Wissen wir was wir essen?
Es hat uns schon immer geärgert, dass auf Verpackungen nie wirklich drauf steht, was drin ist. Bei Schokolade zum Beispiel, schreibt jeder, der Kuvertüre aus ecuadorianischen Kakaobohnen verwendet, auf die Packung: Herkunftsschokolade, Cru oder Grand Cru und so weiter. Dies sagt nun aber gar nichts über die Qualität aus: das wäre so ähnlich, wenn jemand Wein mit der Aufschrift “Wein aus Frankreich” verkauft… Dies gibt weder Auskunft über Rebensorte noch Lage, es kann also auch billiger Fusel sein, nur eben aus Frankreich.
In Ecuador gibt es auch viele verschiedene Kakaosorten, die qualitativ sehr unterschiedlich sind. Kakao aus Ecuador kann normaler Industriekakao sowie edler Feinaroma-Kakao sein. Und mal ganz abgesehen davon, dass der Anteil an Aroma-Kakao nur bei ca. 5% liegt und selten rein anzutreffen ist.
Aber zurück zum Thema: Wir haben mittlerweile festgestellt, dass man Stunden im Supermarkt zubringen kann, um die Verpackungen wirklich zu lesen. Und wir sind oftmals überrascht worden, positiv als negativ. Es lohnt sich wirklich.
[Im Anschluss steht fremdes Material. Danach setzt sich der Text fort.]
(* Let $n\geq2$. The group $hP\Sigma_n$ is generated by the automorphisms $\chi_{ij}$ ($1\leq i\neq j\leq n$), and its abelianization $hP\Sigma_n^{ab}$ is the free abelian group with basis the classes $\overline\chi_{ij}$.
   Context: $RF_n=\langle x_1,\dots,x_n\mid [x_i,w^{-1}x_iw]=1\ (w\in F_n)\rangle$ is the reduced free group, with $[a,b]=aba^{-1}b^{-1}$. $hP\Sigma_n$ is the subgroup of $\mathrm{Aut}(RF_n)$ of automorphisms sending each $x_i$ to a conjugate of $x_i$. $\chi_{ij}$ is the automorphism of $RF_n$ sending $x_i$ to $x_j^{-1}x_ix_j$ and fixing all $x_k$, $k\neq i$. *)

theory Defs
  imports "HOL-Algebra.Algebra" "HOL-Algebra.Free_Abelian_Groups"
begin

text \<open>A letter (i, True) stands for x_i, a letter (i, False) for x_i^{-1}.\<close>

type_synonym letter = "nat \<times> bool"
type_synonym word = "letter list"

definition letter_inv :: "letter \<Rightarrow> letter" where
  "letter_inv a = (fst a, \<not> snd a)"

definition word_inv :: "word \<Rightarrow> word" where
  "word_inv w = rev (map letter_inv w)"

definition letters :: "nat \<Rightarrow> letter set" where
  "letters n = {1..n} \<times> UNIV"

definition words :: "nat \<Rightarrow> word set" where
  "words n = {w. set w \<subseteq> letters n}"

definition comm_word :: "word \<Rightarrow> word \<Rightarrow> word" where
  "comm_word a b = a @ b @ word_inv a @ word_inv b"

definition relator :: "nat \<Rightarrow> word \<Rightarrow> word" where
  "relator i w = comm_word [(i, True)] (word_inv w @ [(i, True)] @ w)"

inductive rf_eq :: "nat \<Rightarrow> word \<Rightarrow> word \<Rightarrow> bool" for n where
  rf_refl: "w \<in> words n \<Longrightarrow> rf_eq n w w"
| rf_sym: "rf_eq n u v \<Longrightarrow> rf_eq n v u"
| rf_trans: "rf_eq n u v \<Longrightarrow> rf_eq n v w \<Longrightarrow> rf_eq n u w"
| rf_cancel: "u \<in> words n \<Longrightarrow> v \<in> words n \<Longrightarrow> a \<in> letters n \<Longrightarrow>
     rf_eq n (u @ [a, letter_inv a] @ v) (u @ v)"
| rf_rel: "u \<in> words n \<Longrightarrow> v \<in> words n \<Longrightarrow> i \<in> {1..n} \<Longrightarrow> w \<in> words n \<Longrightarrow>
     rf_eq n (u @ relator i w @ v) (u @ v)"

definition rf_class :: "nat \<Rightarrow> word \<Rightarrow> word set" where
  "rf_class n w = {v. rf_eq n w v}"

definition RF :: "nat \<Rightarrow> word set monoid" where
  "RF n = \<lparr> carrier = rf_class n ` words n,
            monoid.mult = (\<lambda>A B. {v. \<exists>a\<in>A. \<exists>b\<in>B. rf_eq n (a @ b) v}),
            one = rf_class n [] \<rparr>"

definition gen :: "nat \<Rightarrow> nat \<Rightarrow> word set" where
  "gen n i = rf_class n [(i, True)]"

definition hPSigma :: "nat \<Rightarrow> (word set \<Rightarrow> word set) monoid" where
  "hPSigma n = (AutoGroup (RF n)) \<lparr> carrier :=
     {\<phi> \<in> auto (RF n). \<forall>i\<in>{1..n}. \<exists>g\<in>carrier (RF n).
         \<phi> (gen n i) = g \<otimes>\<^bsub>RF n\<^esub> gen n i \<otimes>\<^bsub>RF n\<^esub> inv\<^bsub>RF n\<^esub> g} \<rparr>"

definition chi :: "nat \<Rightarrow> nat \<Rightarrow> nat \<Rightarrow> (word set \<Rightarrow> word set)" where
  "chi n i j = (THE \<phi>. \<phi> \<in> auto (RF n) \<and>
     (\<forall>k\<in>{1..n}. \<phi> (gen n k) =
        (if k = i then inv\<^bsub>RF n\<^esub> (gen n j) \<otimes>\<^bsub>RF n\<^esub> gen n i \<otimes>\<^bsub>RF n\<^esub> gen n j
         else gen n k)))"

definition chi_index :: "nat \<Rightarrow> (nat \<times> nat) set" where
  "chi_index n = {(i, j). i \<in> {1..n} \<and> j \<in> {1..n} \<and> i \<noteq> j}"

definition abelianization :: "('a, 'b) monoid_scheme \<Rightarrow> 'a set monoid" where
  "abelianization G = G Mod (derived G (carrier G))"

end

theory Submission
  imports Defs
begin

text \<open>
  An automorphism \<phi> in hP\<Sigma>_n sends each x_k to some g_k x_k g_k^{-1}. Since x_k
  commutes with all its conjugates in RF_n, conjugation by x_k^{\<plusminus>1} fixes every conjugate of x_k,
  so g_k may be chosen in the subgroup generated by the x_l with l \<noteq> k. For such h the partial
  conjugation x_k \<mapsto> h x_k h^{-1} (fixing the other generators) is a product of the \<chi>_kl^{\<plusminus>1},
  and composing partial conjugations one generator at a time reproduces \<phi>.

  Send x_i to (1,0,0), x_j to (0,1,0) and the other generators to 0 in the integral
  Heisenberg group; it is nilpotent of class 2, so the defining relations of RF_n hold there. If
  \<phi> x_i = g x_i g^{-1}, the central coordinate of the image of \<phi> x_i is minus the x_j-exponent sum of
  g. This integer is thus independent of g, additive in \<phi> (elements of hP\<Sigma>_n preserve exponent
  sums), and equal to 1 on \<chi>_ij and 0 on the other \<chi>_kl. Together these integers give a
  homomorphism from hP\<Sigma>_n to the free abelian group on the pairs (i, j) sending \<chi>_ij to the basis
  element (i, j); it inverts the obvious surjection from that free abelian group onto the
  abelianization.
\<close>

lemma (in group) mult_inv_cancel_left [simp]:
  "x \<in> carrier G \<Longrightarrow> y \<in> carrier G \<Longrightarrow> x \<otimes> (inv x \<otimes> y) = y"
  by (simp flip: m_assoc)

lemma (in group) inv_mult_cancel_left [simp]:
  "x \<in> carrier G \<Longrightarrow> y \<in> carrier G \<Longrightarrow> inv x \<otimes> (x \<otimes> y) = y"
  by (simp flip: m_assoc)

lemma (in group) commutator_eq_one_iff:
  assumes "x \<in> carrier G" "y \<in> carrier G"
  shows "x \<otimes> y \<otimes> inv x \<otimes> inv y = \<one> \<longleftrightarrow> x \<otimes> y = y \<otimes> x"
proof -
  have "x \<otimes> y \<otimes> inv x \<otimes> inv y = (x \<otimes> y) \<otimes> inv (y \<otimes> x)"
    using assms by (simp add: m_assoc inv_mult_group)
  also have "\<dots> = \<one> \<longleftrightarrow> x \<otimes> y = y \<otimes> x"
    using assms by (metis inv_closed m_closed r_inv inv_equality inv_inv)
  finally show ?thesis .
qed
Bedeutet Piemont-Haselnüsse nun, dass sie im Piemont angebaut werden oder ist das nur ein Marketingtrick und eigentlich kommen die Nüsse aus der Türkei, sind aber von der Sorte Piemont?
Auch den Bio-Ansatz sollte man doch immer hinterfragen: Bio-Bananen von den Kanaren? Bananen brauchen enorm viel Wasser und die Kanaren haben doch ein sehr trockenes Klima.
Es ist nicht einfach Verbraucher zu sein, aber letzendlich bekommt man das, wonach man fragt, oder eben nicht.